As I understood, one of the main ideas of systemd is that "normally" you should not enable services like openssh or cups but instead only the corresponding socket service so that the corrseponding service is started once e.g. somebody connects to the ssh or cups port.

However, I realized that e.g. the first attempt to connect via ssh from outside always fails - only later works.

Similarly, the first print job seems to send rubbish (often the printer hangs afterwards).

I conjecture that the first byte (or packet or whatever) which is sent to the socket gets "eaten" by systemd. I would have expected that systemd is wired hard enough with the kernel to be able to read and "put back" the data.

Do others here experience the same problem or am I missing some kernel feature for this? (The only recommended feature which I do not have activated in the kernel is IPv6, but I doubt that this is related. Of course, e.g. I let cups.socket listen only to the ip4 local port.)

----------

## mbar

sshd socket works OK for me (it allows me to connect from outside), but not for cups -- maybe because I have to use hplip to print on my network printer.

----------

## mv

 *mbar wrote:*   

> sshd socket works OK for me (it allows me to connect from outside)

 

Thanks. So just to emphasize once more: After I attempted to connect once, it also works for me (which is not surprising since then the sshd daemon is running).

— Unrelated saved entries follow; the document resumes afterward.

lemma squarefree_at_unexceptional_multiplier:
  fixes n :: nat and A :: real and P c :: int
  assumes "n > 0" "P = fact (8 * n)" "0 \<le> A" and c: "c \<in> multipliers P A - exceptional n P A"
    and no_large: "\<And>m. int m ^ 2 dvd (P * c) ^ (2 * n) - 1 \<Longrightarrow>
                     real m < (real_of_int (P * c) / 2) powr (6/5)"
  shows "squarefree (1 - (P * c) ^ n) \<or> squarefree (1 + (P * c) ^ n)"
proof (rule squarefree_one_minus_or_one_plus_pow[where M = "8 * n" and Y = "A powr (3/5)"])
  fix m assume "int m ^ 2 dvd (P * c) ^ (2 * n) - 1"
  then have "real m < (real_of_int (P * c) / 2) powr (6/5)" by (rule no_large)
  also have "\<dots> \<le> A powr (6/5)"
    using c \<open>0 \<le> A\<close> by (intro powr_mono2) (auto simp: multipliers_def)
  also have "\<dots> = (A powr (3/5)) ^ 2" by (simp add: power2_eq_square powr_add[symmetric])
  finally show "real m < (A powr (3/5)) ^ 2" .
qed (use assms in \<open>auto simp: exceptional_def\<close>)

lemma card_squarefree_values_ge:
  fixes n :: nat and A :: real and P :: int
  assumes "odd n" and P: "P = fact (8 * n)" and "2 * P \<le> A"
    and growth: "1 + 2 * n * A powr (3/5) \<le> A / (4 * P)"
    and "real_of_int X \<le> A"
    and no_large: "\<And>x m. X \<le> x \<Longrightarrow> int m ^ 2 dvd x ^ (2 * n) - 1 \<Longrightarrow>
                     real m < (real_of_int x / 2) powr (6/5)"
  shows "A / (2 * P) \<le> card {a::int. A \<le> real_of_int \<bar>a\<bar> \<and> real_of_int \<bar>a\<bar> \<le> 2 * A \<and> squarefree (1 - a ^ n)}"
proof -
  have "n > 0" using \<open>odd n\<close> by (rule odd_pos)
  have "P > 0" unfolding P by simp
  then have "0 \<le> A" using \<open>2 * P \<le> A\<close> of_int_pos[of P, where 'a = real] by linarith
  have "card ((\<lambda>c. P * c) ` (multipliers P A - exceptional n P A))
      \<le> card {a::int. A \<le> real_of_int \<bar>a\<bar> \<and> real_of_int \<bar>a\<bar> \<le> 2 * A \<and> squarefree (1 - a ^ n)}"
  proof (rule card_le_card_squarefree_values[OF \<open>odd n\<close> \<open>0 \<le> A\<close>], clarify)
    fix c assume c: "c \<in> multipliers P A" "c \<notin> exceptional n P A"
    then have range: "A \<le> real_of_int (P * c)" "real_of_int (P * c) \<le> 2 * A"
      by (simp_all add: multipliers_def)
    then have lower: "X \<le> P * c" using \<open>real_of_int X \<le> A\<close> by linarith
    have "squarefree (1 - (P * c) ^ n) \<or> squarefree (1 + (P * c) ^ n)"
      using c by (intro squarefree_at_unexceptional_multiplier[OF \<open>n > 0\<close> P \<open>0 \<le> A\<close>]
        no_large[OF lower]) simp_all
    with range show "A \<le> real_of_int (P * c) \<and> real_of_int (P * c) \<le> 2 * A \<and>
        (squarefree (1 - (P * c) ^ n) \<or> squarefree (1 + (P * c) ^ n))" by blast
  qed
  moreover have "card ((\<lambda>c. P * c) ` (multipliers P A - exceptional n P A))
      = card (multipliers P A - exceptional n P A)"
    using \<open>P > 0\<close> by (subst card_image) (auto simp: inj_on_def)
  moreover have "A / (2 * P) \<le> card (multipliers P A - exceptional n P A)"
    using \<open>n > 0\<close> P \<open>2 * P \<le> A\<close> growth by (rule card_multipliers_diff_exceptional_ge)
  ultimately show ?thesis by (simp add: order_trans)
qed

lemma eventually_one_plus_powr_three_fifths_le:
  fixes k c :: real
  assumes "c > 0"
  shows "\<forall>\<^sub>F A in at_top. 1 + k * A powr (3/5) \<le> c * A"
proof -
  have "(\<lambda>A. 1 + k * A powr (3/5)) \<in> o(\<lambda>A. A)" by real_asymp
  then have "\<forall>\<^sub>F A in at_top. norm (1 + k * A powr (3/5)) \<le> c * norm A"
    using \<open>c > 0\<close> by (rule landau_o.smallD)
  then show ?thesis
    using eventually_ge_at_top[of "0::real"] by eventually_elim auto
qed

theorem lemma6:
  fixes n :: nat
  assumes abc: abc_conjecture
    and n_pos: "n > 0"
    and n_odd: "odd n"
  shows "\<exists>c::real. c > 0 \<and>
           (\<forall>\<^sub>F A in at_top.
              c * A \<le> real (\<Sum>d \<in> {d::int. squarefree d \<and> R_count n A d \<noteq> 0}. R_count n A d))"
proof -
  define P :: int where "P = fact (8 * n)"
  have "P > 0" by (simp add: P_def)
  obtain X where no_large: "\<And>x m. X \<le> x \<Longrightarrow> int m ^ 2 dvd x ^ (2 * n) - 1 \<Longrightarrow>
      real m < (real_of_int x / 2) powr (6/5)"
    using abc_square_divisor_small[OF abc n_pos] by (auto simp: eventually_at_top_linorder)
  have "\<forall>\<^sub>F A in at_top. 1 + 2 * n * A powr (3/5) \<le> 1 / (4 * P) * A"
    using \<open>P > 0\<close> by (intro eventually_one_plus_powr_three_fifths_le) simp
  moreover have "\<forall>\<^sub>F A in at_top. real_of_int (max (2 * P) X) \<le> A" by (rule eventually_ge_at_top)
  ultimately have "\<forall>\<^sub>F A in at_top. 1 / (2 * P) * A \<le>
      real (\<Sum>d \<in> {d::int. squarefree d \<and> R_count n A d \<noteq> 0}. R_count n A d)"
  proof eventually_elim
    case (elim A)
    then have "A / (2 * P) \<le> card {a::int. A \<le> real_of_int \<bar>a\<bar> \<and> real_of_int \<bar>a\<bar> \<le> 2 * A \<and>
                                            squarefree (1 - a ^ n)}"
      by (intro card_squarefree_values_ge[OF n_odd P_def _ _ _ no_large]) auto
    then show ?case unfolding sum_R_count_squarefree by simp
  qed
  then show ?thesis using \<open>P > 0\<close> by (intro exI[of _ "1 / (2 * P)"]) simp
qed

end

Only the very first attempt to connect after boot (from outside or from inside) fails with "Connection reset by peer". Of course for sshd this is not a big issue, but apparently it is a big issue for cups.

BTW, unfortunately, I also have a printer which would require hplip, but in my case foo2zjs is sufficient.

However, in no case socket activation should be a problem since the idea in systemd is probably not that the first packet is lost or modified.

So I guess you are actually also suffering from the same bug. Probably this is yet another case where systemd does not hold what Poettering promised...

----------

## mbar

I just did a second test for cups socket and it worked  :Smile: 

I removed cups.service (disabled it) and enabled only cups socket and voila, printing works. So for me, sshd and cups work good configured as sockets.

I'm on ~amd64.

----------

## mv

 *mbar wrote:*   

> I removed cups.service (disabled it) and enabled only cups socket and voila, printing works. So for me, sshd and cups work good configured as sockets.

 

Thanks. So something must be missing in my configuration...

----------